Another data limitation that poses a challenge in the comparison of results between countries is that each country grouped deaths in different age groups (see Supplementary Table S2). The estimates from countries with smaller range of age groups, would have more reliability than estimates from countries that have 20 or more years range age-groups, as in the latter case, the midpoint of the age group might be farther from the real age of each death.

Other studies found a strong association between the presence of comorbidities, such as cardiovascular disease, hypertension, diabetes, congestive heart failure, chronic kidney disease and cancer, and the risk of death due to COVID-19 [50]. The lack of accessible information on the presence of comorbidities among those who died in the countries included in these studies precluded us from correcting our results for comorbidities. However, aware of this limitation, we cautiously chose the methodology for this study, opting for a more conservative method than others have used. Other methodologies, like the national life tables or the WHO tables, that account for some few YLL no matter the age of the person, or the use of the Japanese female’s life expectancy as upper age limit, that is the highest in the world would lead to higher PYLL estimates which would not be as realistic given that the life expectancy of patients with the aforementioned comorbidities is shorter than that of the general population. Results of other studies where PYLL estimates are given before and after adjustment for comorbidities, support our choice in methodology [22].

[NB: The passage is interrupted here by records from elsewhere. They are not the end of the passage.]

section \<open>Gain operators\<close>

locale gain =
  fixes Iset :: "'i::finite \<Rightarrow> 'i set" and \<gamma> :: "'i \<Rightarrow> 'i \<Rightarrow> real \<Rightarrow> real"
    and \<mu> :: "'i \<Rightarrow> ('i \<Rightarrow> real) \<Rightarrow> real"
  assumes gain_operator: "gain_operator Iset \<gamma> \<mu>"
begin

lemma gain_operator_parts:
  "\<forall>i. \<forall>j\<in>Iset i. class_Kinf (\<gamma> i j)"
  "\<forall>i s. nonneg s \<longrightarrow> 0 \<le> \<mu> i s"
  "\<exists>\<xi>. class_Kinf \<xi> \<and> (\<forall>i. \<mu> i (\<lambda>_. 0) = 0 \<and>
          (\<forall>s. nonneg s \<longrightarrow> \<xi> (supn s) \<le> \<mu> i s))"
  "\<forall>i s t. nonneg s \<longrightarrow> nonneg t \<longrightarrow> (\<forall>k. s k \<le> t k) \<longrightarrow> \<mu> i s \<le> \<mu> i t"
  "\<forall>i J s0. finite J \<longrightarrow> nonneg s0 \<longrightarrow> (\<forall>k. k \<notin> J \<longrightarrow> s0 k = 0) \<longrightarrow>
          (\<forall>\<epsilon>>0. \<exists>\<delta>>0. \<forall>s. nonneg s \<longrightarrow> (\<forall>k. k \<notin> J \<longrightarrow> s k = 0) \<longrightarrow>
             supn (\<lambda>k. s k - s0 k) \<le> \<delta> \<longrightarrow> \<bar>\<mu> i s - \<mu> i s0\<bar> \<le> \<epsilon>)"
  by (insert gain_operator, unfold gain_operator_def, elim conjE, assumption)+

abbreviation G where "G \<equiv> Gam Iset \<gamma> \<mu>"

abbreviation G_rho where "G_rho \<rho> \<equiv> Gam_rho \<rho> Iset \<gamma> \<mu>"

lemma gamma_class_K: "j \<in> Iset i \<Longrightarrow> class_K (\<gamma> i j)"
  using gain_operator_parts(1) class_Kinf_imp_class_K by blast

lemma mu_nonneg: "nonneg s \<Longrightarrow> 0 \<le> \<mu> i s"
  using gain_operator_parts(2) by blast

lemma mu_zero: "\<mu> i (\<lambda>_. 0) = 0"
  using gain_operator_parts(3) by blast

lemma mu_mono: "nonneg s \<Longrightarrow> \<forall>k. s k \<le> t k \<Longrightarrow> \<mu> i s \<le> \<mu> i t"
  using gain_operator_parts(4) unfolding nonneg_def by (meson order_trans)

text \<open>Since the index set is finite, (M3) with \<open>J = UNIV\<close> is continuity of \<open>\<mu> i\<close> on the cone.\<close>

lemma mu_continuous:
  "nonneg s0 \<Longrightarrow> 0 < \<epsilon> \<Longrightarrow>
    \<exists>\<delta>>0. \<forall>s. nonneg s \<longrightarrow> supn (\<lambda>k. s k - s0 k) \<le> \<delta> \<longrightarrow> \<bar>\<mu> i s - \<mu> i s0\<bar> \<le> \<epsilon>"
  using gain_operator_parts(5)[rule_format, where J = UNIV] by simp

definition gain_input :: "'i \<Rightarrow> ('i \<Rightarrow> real) \<Rightarrow> 'i \<Rightarrow> real" where
  "gain_input i s = (\<lambda>j. if j \<in> Iset i then \<gamma> i j (s j) else 0)"

lemma G_eq: "G s i = \<mu> i (gain_input i s)"
  by (simp add: Gam_def gain_input_def)

lemma G_rho_eq: "G_rho \<rho> s i = G s i + \<rho> (G s i)"
  by (simp add: Gam_rho_def)

lemma gain_input_nonneg: "nonneg s \<Longrightarrow> nonneg (gain_input i s)"
  unfolding nonneg_def gain_input_def using gamma_class_K class_K_nonneg by auto

lemma gain_input_mono: "nonneg s \<Longrightarrow> \<forall>j. s j \<le> t j \<Longrightarrow> gain_input i s j \<le> gain_input i t j"
  unfolding nonneg_def gain_input_def using gamma_class_K class_K_mono by auto

lemma G_nonneg: "nonneg s \<Longrightarrow> 0 \<le> G s i"
  by (simp add: G_eq gain_input_nonneg mu_nonneg)

lemma G_mono: "nonneg s \<Longrightarrow> \<forall>j. s j \<le> t j \<Longrightarrow> G s i \<le> G t i"
  unfolding G_eq by (intro mu_mono gain_input_nonneg) (auto intro: gain_input_mono)

lemma G_zero: "G (\<lambda>_. 0) i = 0"
proof -
  have "gain_input i (\<lambda>_. 0) = (\<lambda>_. 0)"
    unfolding gain_input_def using gamma_class_K class_K_0 by auto
  then show ?thesis by (simp add: G_eq mu_zero)
qed

lemma G_local: "\<forall>j\<in>Iset i. s j = t j \<Longrightarrow> G s i = G t i"
  by (simp add: G_eq gain_input_def cong: if_cong)
(* Let $X$ be a cubic vertex-transitive graph for which $1$ is a simple eigenvalue, with $\pm1$ eigenvector $\mathbf{z}$ for $1$, $V^+=\{x\mid\mathbf{z}(x)=1\}$, $V^-=\{x\mid\mathbf{z}(x)=-1\}$, where $X[V^+]$ is a disjoint union of cycles $C_1,\dots,C_m$ and $X[V^-]$ a disjoint union of cycles $D_1,\dots,D_m$, all of length $k$. Let $\Gamma\le\mathrm{Aut}(X)$ act transitively on $V(X)$, and assume (A1): the stabilizer of $C_1$ in $\Gamma$ acts regularly on the vertex set of $C_1$. Write $C_1=v_1v_2\cdots v_k$ and let $D_1=w_1w_2\cdots w_k$ be the cycle of $X[V^-]$ with $v_1w_1\in E(X)$; let $\gamma_1\in\Gamma$ satisfy $\gamma_1(v_j)=v_{j+1}$ for all $j$ (indices mod $k$) and let $\delta_1\in\Gamma$ satisfy $\delta_1(v_j)=w_j$ for all $j$ (the labelling of $D_1$ being chosen so that such $\delta_1$ exists). Then $\Gamma$ acts regularly on $V(X)$, and hence $X$ is a Cayley graph of the group generated by $\gamma_1$ and the involution $\delta_1$.
   Context: A group acts regularly on a set if it acts transitively and only the identity fixes a point. $X[W]$ denotes the induced subgraph on $W$. Eigenvalues are those of the adjacency matrix; simple means the eigenspace is $1$-dimensional. *)

theory Defs
  imports "HOL-Algebra.Algebra"
begin

definition simple_graph :: "'a set \<Rightarrow> ('a \<Rightarrow> 'a \<Rightarrow> bool) \<Rightarrow> bool" where
  "simple_graph V E \<longleftrightarrow> finite V \<and> (\<forall>x y. E x y \<longrightarrow> x \<in> V \<and> y \<in> V)
     \<and> (\<forall>x y. E x y \<longrightarrow> E y x) \<and> (\<forall>x. \<not> E x x)"

definition nbrs :: "'a set \<Rightarrow> ('a \<Rightarrow> 'a \<Rightarrow> bool) \<Rightarrow> 'a \<Rightarrow> 'a set" where
  "nbrs V E x = {y \<in> V. E x y}"

definition cubic :: "'a set \<Rightarrow> ('a \<Rightarrow> 'a \<Rightarrow> bool) \<Rightarrow> bool" where
  "cubic V E \<longleftrightarrow> (\<forall>x\<in>V. card (nbrs V E x) = 3)"

definition graph_aut :: "'a set \<Rightarrow> ('a \<Rightarrow> 'a \<Rightarrow> bool) \<Rightarrow> ('a \<Rightarrow> 'a) \<Rightarrow> bool" where
  "graph_aut V E g \<longleftrightarrow> g \<in> Bij V \<and> (\<forall>x\<in>V. \<forall>y\<in>V. E x y \<longleftrightarrow> E (g x) (g y))"

definition vertex_transitive :: "'a set \<Rightarrow> ('a \<Rightarrow> 'a \<Rightarrow> bool) \<Rightarrow> bool" where
  "vertex_transitive V E \<longleftrightarrow> (\<forall>x\<in>V. \<forall>y\<in>V. \<exists>g. graph_aut V E g \<and> g x = y)"

definition eigenspace :: "'a set \<Rightarrow> ('a \<Rightarrow> 'a \<Rightarrow> bool) \<Rightarrow> real \<Rightarrow> ('a \<Rightarrow> real) set" where
  "eigenspace V E lam = {f. (\<forall>x. x \<notin> V \<longrightarrow> f x = 0) \<and>
       (\<forall>x\<in>V. (\<Sum>y\<in>nbrs V E x. f y) = lam * f x)}"

definition simple_eigenvalue :: "'a set \<Rightarrow> ('a \<Rightarrow> 'a \<Rightarrow> bool) \<Rightarrow> real \<Rightarrow> bool" where
  "simple_eigenvalue V E lam \<longleftrightarrow>
     (\<exists>z. z \<noteq> (\<lambda>_. 0) \<and> eigenspace V E lam = {(\<lambda>x. c * z x) | c. True})"

definition is_cycle :: "'a set \<Rightarrow> ('a \<Rightarrow> 'a \<Rightarrow> bool) \<Rightarrow> nat \<Rightarrow> (nat \<Rightarrow> 'a) \<Rightarrow> bool" where
  "is_cycle V E k c \<longleftrightarrow> 3 \<le> k \<and> inj_on c {..<k} \<and> c ` {..<k} \<subseteq> V \<and>
     (\<forall>i<k. E (c i) (c (Suc i mod k)))"

definition induced_cycle_union ::
  "'a set \<Rightarrow> ('a \<Rightarrow> 'a \<Rightarrow> bool) \<Rightarrow> 'a set \<Rightarrow> nat \<Rightarrow> nat \<Rightarrow> (nat \<Rightarrow> nat \<Rightarrow> 'a) \<Rightarrow> bool" where
  "induced_cycle_union V E W k m Cs \<longleftrightarrow>
     (\<forall>i<m. is_cycle V E k (Cs i)) \<and>
     (\<forall>i<m. \<forall>j<m. i \<noteq> j \<longrightarrow> Cs i ` {..<k} \<inter> Cs j ` {..<k} = {}) \<and>
     (\<Union>i<m. Cs i ` {..<k}) = W \<and>
     (\<forall>x\<in>W. \<forall>y\<in>W. E x y \<longleftrightarrow>
        (\<exists>i<m. \<exists>j<k. {x, y} = {Cs i j, Cs i (Suc j mod k)}))"

definition acts_transitively_on :: "('a \<Rightarrow> 'a) set \<Rightarrow> 'a set \<Rightarrow> bool" where
  "acts_transitively_on H B \<longleftrightarrow> (\<forall>x\<in>B. \<forall>y\<in>B. \<exists>g\<in>H. g x = y)"

definition acts_regularly_on :: "'a set \<Rightarrow> ('a \<Rightarrow> 'a) set \<Rightarrow> 'a set \<Rightarrow> bool" where
  "acts_regularly_on V H B \<longleftrightarrow> acts_transitively_on H B \<and>
     (\<forall>g\<in>H. (\<exists>x\<in>B. g x = x) \<longrightarrow> g = \<one>\<^bsub>BijGroup V\<^esub>)"

definition set_stabilizer :: "('a \<Rightarrow> 'a) set \<Rightarrow> 'a set \<Rightarrow> ('a \<Rightarrow> 'a) set" where
  "set_stabilizer H B = {g \<in> H. g ` B = B}"
(* Let $V$ be a finite-dimensional real vector space with skew-symmetric bilinear forms $A$ and $B$, $B$ non-degenerate, such that the Jordan–Kronecker decomposition of $(V, A, B)$ consists only of real Jordan blocks with the same complex eigenvalue $\lambda = \alpha + i\beta$, $\beta \neq 0$. Let $J$ be the semisimple part of $\frac{P - \alpha E}{\beta}$, where $P = B^{-1}A$. Then every automorphism $Q \in \mathrm{Aut}(V, A, B)$ commutes with $J$: $QJ = JQ$. Consequently there is a natural one-to-one correspondence $\mathrm{Aut}(V, A, B) \cong \mathrm{Aut}(V^{\mathbb{C}}, A^{\mathbb{C}}, B^{\mathbb{C}})$. Moreover, a subspace $U \subset V$ is invariant (under $\mathrm{Aut}(V,A,B)$) if and only if $U$ is $J$-invariant and the corresponding complex subspace $U^{\mathbb{C}}$ of $(V^{\mathbb{C}}, A^{\mathbb{C}}, B^{\mathbb{C}})$ is invariant (under $\mathrm{Aut}(V^{\mathbb{C}}, A^{\mathbb{C}}, B^{\mathbb{C}})$).
   Context: $P = B^{-1}A$ means $A(u,v) = B(Pu,v)$. $J$ satisfies $J^2 = -E$ and is self-adjoint with respect to $A$ and $B$. $V^{\mathbb{C}}$ denotes $V$ regarded as a complex vector space via the complex structure $J$ (i.e. $i \cdot v := Jv$), and $A^{\mathbb{C}}(u,v) = A(u,v) - iA(u,Jv)$, $B^{\mathbb{C}}(u,v) = B(u,v) - iB(u,Jv)$ are complex bilinear forms on it. For a $J$-invariant real subspace $U$, $U^{\mathbb{C}}$ is $U$ regarded as a complex subspace of $V^{\mathbb{C}}$. $\mathrm{Aut}(V,A,B)$ (resp. $\mathrm{Aut}(V^{\mathbb{C}}, A^{\mathbb{C}}, B^{\mathbb{C}})$) is the group of real (resp. complex) linear automorphisms preserving both forms; a subspace is invariant if it is preserved by the corresponding group. A real Jordan block with eigenvalue $\alpha + i\beta$ of size $k$ is a $4k$-dimensional summand with basis in which $B = \begin{pmatrix}0 & \mathrm{diag}(E_2,\dots,E_2)\\ -\mathrm{diag}(E_2,\dots,E_2) & 0\end{pmatrix}$ and $A = \begin{pmatrix}0 & \mathcal{J}\\ -\mathcal{J}^T & 0\end{pmatrix}$, where $\mathcal{J}$ is the $k\times k$ block upper-bidiagonal matrix with diagonal blocks $\Lambda = \begin{pmatrix}\alpha & -\beta\\ \beta & \alpha\end{pmatrix}$ and superdiagonal blocks $E_2$ (the $2\times 2$ identity). *)

theory Defs
  imports "HOL-Analysis.Analysis" "HOL-Computational_Algebra.Polynomial"
begin
lemma walk_weight_nonneg: "walk E xs \<Longrightarrow> \<forall>e\<in>E. 0 \<le> w e \<Longrightarrow> 0 \<le> walk_weight w xs"
  unfolding walk_weight_def walk_def by (auto intro!: sum_nonneg)

lemma walk_contains_path:
  assumes "walk E xs" "\<forall>e\<in>E. 0 \<le> w e"
  obtains ys where "walk E ys" "distinct ys" "hd ys = hd xs" "last ys = last xs" "set ys \<subseteq> set xs"
    "length ys \<le> length xs" "walk_weight w ys \<le> walk_weight w xs"
proof -
  have "\<exists>ys. walk E ys \<and> distinct ys \<and> hd ys = hd xs \<and> last ys = last xs \<and> set ys \<subseteq> set xs
      \<and> length ys \<le> length xs \<and> walk_weight w ys \<le> walk_weight w xs"
    using assms(1)
  proof (induction "length xs" arbitrary: xs rule: less_induct)
    case less
    show ?case
    proof (cases "distinct xs")
      case False
      then obtain as v bs cs where xs: "xs = as @ [v] @ bs @ [v] @ cs"
        using not_distinct_decomp by blast
      define xs' where "xs' = as @ v # cs"
      have loop: "walk E (v # bs @ [v])" and "walk E (as @ [v])" "walk E (v # cs)"
        using less.prems walk_append_Cons[of E as v "bs @ v # cs"]
          walk_append_Cons[of E "v # bs" v cs] unfolding xs by auto
      then have "walk E xs'"
        unfolding xs'_def using walk_append_Cons[of E as v cs] by simp
      moreover have "walk_weight w xs' \<le> walk_weight w xs"
        using walk_weight_nonneg[OF loop assms(2)] walk_weight_append_Cons[of w as v "bs @ v # cs"]
          walk_weight_append_Cons[of w "v # bs" v cs] walk_weight_append_Cons[of w as v cs]
        unfolding xs xs'_def by simp
      moreover have "hd xs' = hd xs" "last xs' = last xs" "set xs' \<subseteq> set xs"
        "length xs' < length xs"
        unfolding xs'_def xs by (cases as; auto)+
      moreover obtain ys where "walk E ys" "distinct ys" "hd ys = hd xs'" "last ys = last xs'"
        "set ys \<subseteq> set xs'" "length ys \<le> length xs'" "walk_weight w ys \<le> walk_weight w xs'"
        using less.hyps \<open>length xs' < length xs\<close> \<open>walk E xs'\<close> by blast
      ultimately show ?thesis
        by (metis order.trans less_imp_le)
    qed (use less.prems in blast)
  qed
  then show ?thesis using that by blast
qed

section \<open>Cycles and forests\<close>

lemma cycle_iff_closed_walk: "cycle E C \<longleftrightarrow> 3 \<le> length C \<and> distinct C \<and> walk E (C @ [hd C])"
  by (cases "C = []") (auto simp: cycle_def walk_snoc)

lemma cycle_mono: "cycle E C \<Longrightarrow> E \<subseteq> E' \<Longrightarrow> cycle E' C"
  unfolding cycle_def using walk_mono by blast

lemma cycle_vertices_subset:
  assumes "cycle E C" "\<forall>e\<in>E. e \<subseteq> V"
  shows "set C \<subseteq> V"
proof -
  have "walk E C" "{last C, hd C} \<in> E" using assms(1) unfolding cycle_def by auto
  then show ?thesis using walk_vertices_subset assms(2) by blast
qed

text \<open>Follow the first path until it first meets the second one, then return along the second.\<close>
lemma diverging_paths_cycle:
  assumes walks: "walk E (x # P)" "walk E (x # Q)" and dist: "distinct (x # P)" "distinct (x # Q)"
    and "P \<noteq> []" "Q \<noteq> []" "hd P \<noteq> hd Q" "last P = last Q"
  obtains C where "cycle E C" "length C \<le> length P + length Q"
proof -
  have "\<exists>i<length P. P ! i \<in> set Q"
    using assms(5,6,8) last_conv_nth[of P] by (intro exI[of _ "length P - 1"]) auto
  then obtain i where i: "i < length P" "P ! i \<in> set Q"
    and least: "\<And>k. k < i \<Longrightarrow> \<not> (k < length P \<and> P ! k \<in> set Q)"
    using exists_least_iff[of "\<lambda>i. i < length P \<and> P ! i \<in> set Q"] by blast
  then have before: "\<And>k. k < i \<Longrightarrow> P ! k \<notin> set Q"
    by force
  obtain j where j: "j < length Q" "Q ! j = P ! i"
    using i by (auto simp: in_set_conv_nth)
  define u where "u = P ! i"
  define C where "C = x # take i P @ rev (take (Suc j) Q)"
  have takeP: "take (Suc i) P = take i P @ [u]" and takeQ: "take (Suc j) Q = take j Q @ [u]"
    using i j by (simp_all add: u_def take_Suc_conv_app_nth)
  have "walk E (x # take i P @ [u])"
    using walk_take[OF walks(1), of "Suc (Suc i)"] takeP by simp
  moreover have "walk E (u # rev (take j Q) @ [x])"
    using walk_take[OF walks(2), of "Suc (Suc j)"] takeQ by (metis rev.simps(2) rev_append
        rev_singleton_conv take_Suc_Cons walk_rev zero_less_Suc append_Cons append_Nil)
  ultimately have "walk E (C @ [hd C])"
    using walk_append_Cons[of E "x # take i P" u "rev (take j Q) @ [x]"] by (simp add: C_def takeQ)
  moreover have "distinct C"
  proof -
    have "set (take i P) \<inter> set (take (Suc j) Q) = {}"
      using before by (auto simp: in_set_conv_nth dest: in_set_takeD)
    then show ?thesis
      unfolding C_def using dist by (auto dest: in_set_takeD)
  qed
  moreover have "0 < i + j"
    using j assms(5-7) by (metis add_is_0 gr0I hd_conv_nth)
  ultimately have "cycle E C"
    unfolding cycle_iff_closed_walk C_def using i j by (simp; linarith)
  moreover have "length C \<le> length P + length Q"
    unfolding C_def using i j by simp
  ultimately show ?thesis using that by blast
qed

The use of a standard life expectancy also has its limitations. The upper age limit was the same for all the countries and sexes, resulting in fewer PYLL in those countries with life expectancies higher than 80 years and in females, who on average die a few years later than men. However, despite its limitations, this methodology has been strongly recommended for comparison across countries [6, 51, 52].

Lastly, given the relevance of post-acute COVID-19 syndrome [53], it would be of much interest to include in investigations of COVID-19 burden, the metric of disability as in the Disability-Adjusted Life Year (DALY indicator). Even though such data was not available to the consortium at the time of publication, DALYs would provide more holistic estimates of health burden due to COVID-19 because the indicator takes into account post-acute and chronic effects which are likely to be more relevant among adults than premature deaths. Even though some attempts to estimate DALYs due to COVID-19 have been made [54, 55],more geographically diverse investigations are warranted.